lemma finite_cosets_pimod_vecs: "finite (cosets (vecs r) (pimod p (vecs r)))"
proof -
  let ?residues = "\<lambda>v. restrict (\<lambda>s. v s +o pideal p) {..<r}"
  have "v +o pimod p (vecs r) = w +o pimod p (vecs r) \<longleftrightarrow> ?residues v = ?residues w"
    if "v \<in> vecs r" "w \<in> vecs r" for v w
  proof -
    have "v - w \<in> vecs r" using that by (simp add: vecs_def)
    moreover have high: "v s - w s \<in> pideal p" if "s \<ge> r" for s
      using that \<open>v - w \<in> vecs r\<close> add_subgroup_pideal by (simp add: vecs_def add_subgroup_def)
    then have "(\<forall>s. (v - w) s \<in> pideal p) \<longleftrightarrow> (\<forall>s<r. v s - w s \<in> pideal p)"
      by (metis linorder_not_le minus_apply)
    ultimately have "v - w \<in> pimod p (vecs r) \<longleftrightarrow> (\<forall>s<r. v s - w s \<in> pideal p)"
      unfolding pimod_vecs by blast
    then show ?thesis
      by (auto simp: coset_eq_iff submodule_add_subgroup submodule_pimod submodule_vecs
          coset_eq_iff[OF add_subgroup_pideal, symmetric] fun_eq_iff)
  qed
  moreover have "?residues ` vecs r \<subseteq> (\<Pi>\<^sub>E s\<in>{..<r}. residue_classes p)"
    by (auto simp: restrict_PiE_iff residue_classes_eq_cosets)
  then have "finite (?residues ` vecs r)"
    by (rule finite_subset) (simp add: finite_PiE finite_residue_classes)
  ultimately show ?thesis
    using card_image_eq_if_same_fibres(2)[of "vecs r" "\<lambda>v. v +o pimod p (vecs r)" ?residues] by blast
qed

lemma finite_cosets_pimod_of_finite_colength:
  assumes X: "left_submodule r X" and fin: "finite_colength r X"
  shows "finite (cosets (vecs r) (pimod p X))"
proof -
  have X': "submodule X" "X \<subseteq> vecs r" using X by (simp_all add: left_submodule_iff)
  have sub: "add_subgroup (pimod p X)" "add_subgroup (pimod p (vecs r))" "add_subgroup (vecs r)"
    by (simp_all add: submodule_add_subgroup submodule_pimod X'(1) submodule_vecs)
  have "finite (cosets (pimod p (vecs r)) (pimod p X))"
    using fin card_cosets_pimod(2)[OF X'(1)]
    by (simp add: finite_colength_def vcoset_eq_elt_set_plus)
  then show ?thesis
    using finite_index_tower_iff[OF sub pimod_mono[OF X'(2)] pimod_subset[OF submodule_vecs]]
      finite_cosets_pimod_vecs by blast
qed

end

theorem propositionB2:
  fixes p :: "'a::ring_1_no_zero_divisors"
    and n r :: nat and c :: "nat \<Rightarrow> nat"
    and X1 :: "(nat \<Rightarrow> 'a) set"
  assumes dvr: "nc_dvr p"
    and fin_res: "finite (residue_classes p)"
    and n: "n \<ge> 1" and r: "r \<ge> 1"
    and c_range: "\<forall>s<r. 1 \<le> c s \<and> c s \<le> n"
    and c_mono: "\<forall>s t. s \<le> t \<longrightarrow> t < r \<longrightarrow> c s \<le> c t"
    and X1_sub: "left_submodule r X1"
    and X1_M1: "X1 \<subseteq> Mlat p r c 1"
    and X1_fin: "finite_colength r X1"
  shows "filtered_iso p r c n X1
           {vadd x (vsmult p m) | x m. x \<in> X1 \<and> m \<in> Mlat p r c 1}"
proof -
  interpret finite_residue_dvr p by (rule nc_dvr_imp_finite_residue_dvr[OF dvr fin_res])
  let ?M = "Mlat p r c" and ?Y = "X1 + pimod p (Mlat p r c 1)"
  have Y_eq: "{vadd x (vsmult p m) | x m. x \<in> X1 \<and> m \<in> ?M 1} = ?Y"
    by (auto simp: set_plus_def pimod_def vadd_eq_plus)
  have X: "submodule X1" "X1 \<subseteq> vecs r" using X1_sub by (simp_all add: left_submodule_iff)
  have piM: "pimod p (?M 1) \<subseteq> ?M j" for j by (rule pimod_subset_Mlat[OF Mlat_subset_vecs])
  have Y: "submodule ?Y" by (simp add: submodule_set_plus submodule_pimod submodule_Mlat X)
  have XY: "X1 \<subseteq> ?Y" by (rule subset_set_plus_submodule[OF submodule_pimod[OF submodule_Mlat]])
  have YM1: "?Y \<subseteq> ?M 1" by (rule set_plus_subset_submodule[OF submodule_Mlat X1_M1 piM])
  then have YpN: "pimod p ?Y \<subseteq> ?M n" using Mlat_subset_vecs by (intro pimod_subset_Mlat) blast
  have YN: "?Y \<subseteq> X1 + ?M n" by (rule set_plus_mono2[OF order_refl piM])
  have "?Y \<subseteq> vecs r" using YM1 Mlat_subset_vecs by blast
  then have fin: "finite (cosets ?Y (pimod p X1))"
    by (rule finite_subset[OF image_mono finite_cosets_pimod_of_finite_colength[OF X1_sub X1_fin]])
  obtain F where iso: "quotient_iso X1 (pimod p X1) ?Y (pimod p ?Y) F"
    and cong: "\<And>x. x \<in> X1 \<Longrightarrow> \<exists>y\<in>?Y. F (x +o pimod p X1) = y +o pimod p ?Y \<and> y - x \<in> ?M n"
    using exists_quotient_iso_congruent[OF X(1) Y submodule_Mlat XY YN YpN fin] by blast
  show ?thesis unfolding Y_eq
  proof (rule filtered_isoI[OF iso X1_M1 YM1])
    fix j assume "j \<in> {1..n}"
    then show "F ` cosets (X1 \<inter> ?M j) (pimod p X1) = cosets (?Y \<inter> ?M j) (pimod p ?Y)"
      by (intro quotient_iso_image_cosets_Int[OF iso cong Y YpN submodule_Mlat Mlat_antimono]) auto
  qed
qed

end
== == ==
#### What the task requires:
Out of the material above, output word for word the line with "w \<in> pimod", the line with "by (simp_all add: submodule_add_subgroup", and all lines between them, with nothing else.

#### Answer section:
    ultimately have "v - w \<in> pimod p (vecs r) \<longleftrightarrow> (\<forall>s<r. v s - w s \<in> pideal p)"
      unfolding pimod_vecs by blast
    then show ?thesis
      by (auto simp: coset_eq_iff submodule_add_subgroup submodule_pimod submodule_vecs
          coset_eq_iff[OF add_subgroup_pideal, symmetric] fun_eq_iff)
  qed
  moreover have "?residues ` vecs r \<subseteq> (\<Pi>\<^sub>E s\<in>{..<r}. residue_classes p)"
    by (auto simp: restrict_PiE_iff residue_classes_eq_cosets)
  then have "finite (?residues ` vecs r)"
    by (rule finite_subset) (simp add: finite_PiE finite_residue_classes)
  ultimately show ?thesis
    using card_image_eq_if_same_fibres(2)[of "vecs r" "\<lambda>v. v +o pimod p (vecs r)" ?residues] by blast
qed

lemma finite_cosets_pimod_of_finite_colength:
  assumes X: "left_submodule r X" and fin: "finite_colength r X"
  shows "finite (cosets (vecs r) (pimod p X))"
proof -
  have X': "submodule X" "X \<subseteq> vecs r" using X by (simp_all add: left_submodule_iff)
  have sub: "add_subgroup (pimod p X)" "add_subgroup (pimod p (vecs r))" "add_subgroup (vecs r)"
    by (simp_all add: submodule_add_subgroup submodule_pimod X'(1) submodule_vecs)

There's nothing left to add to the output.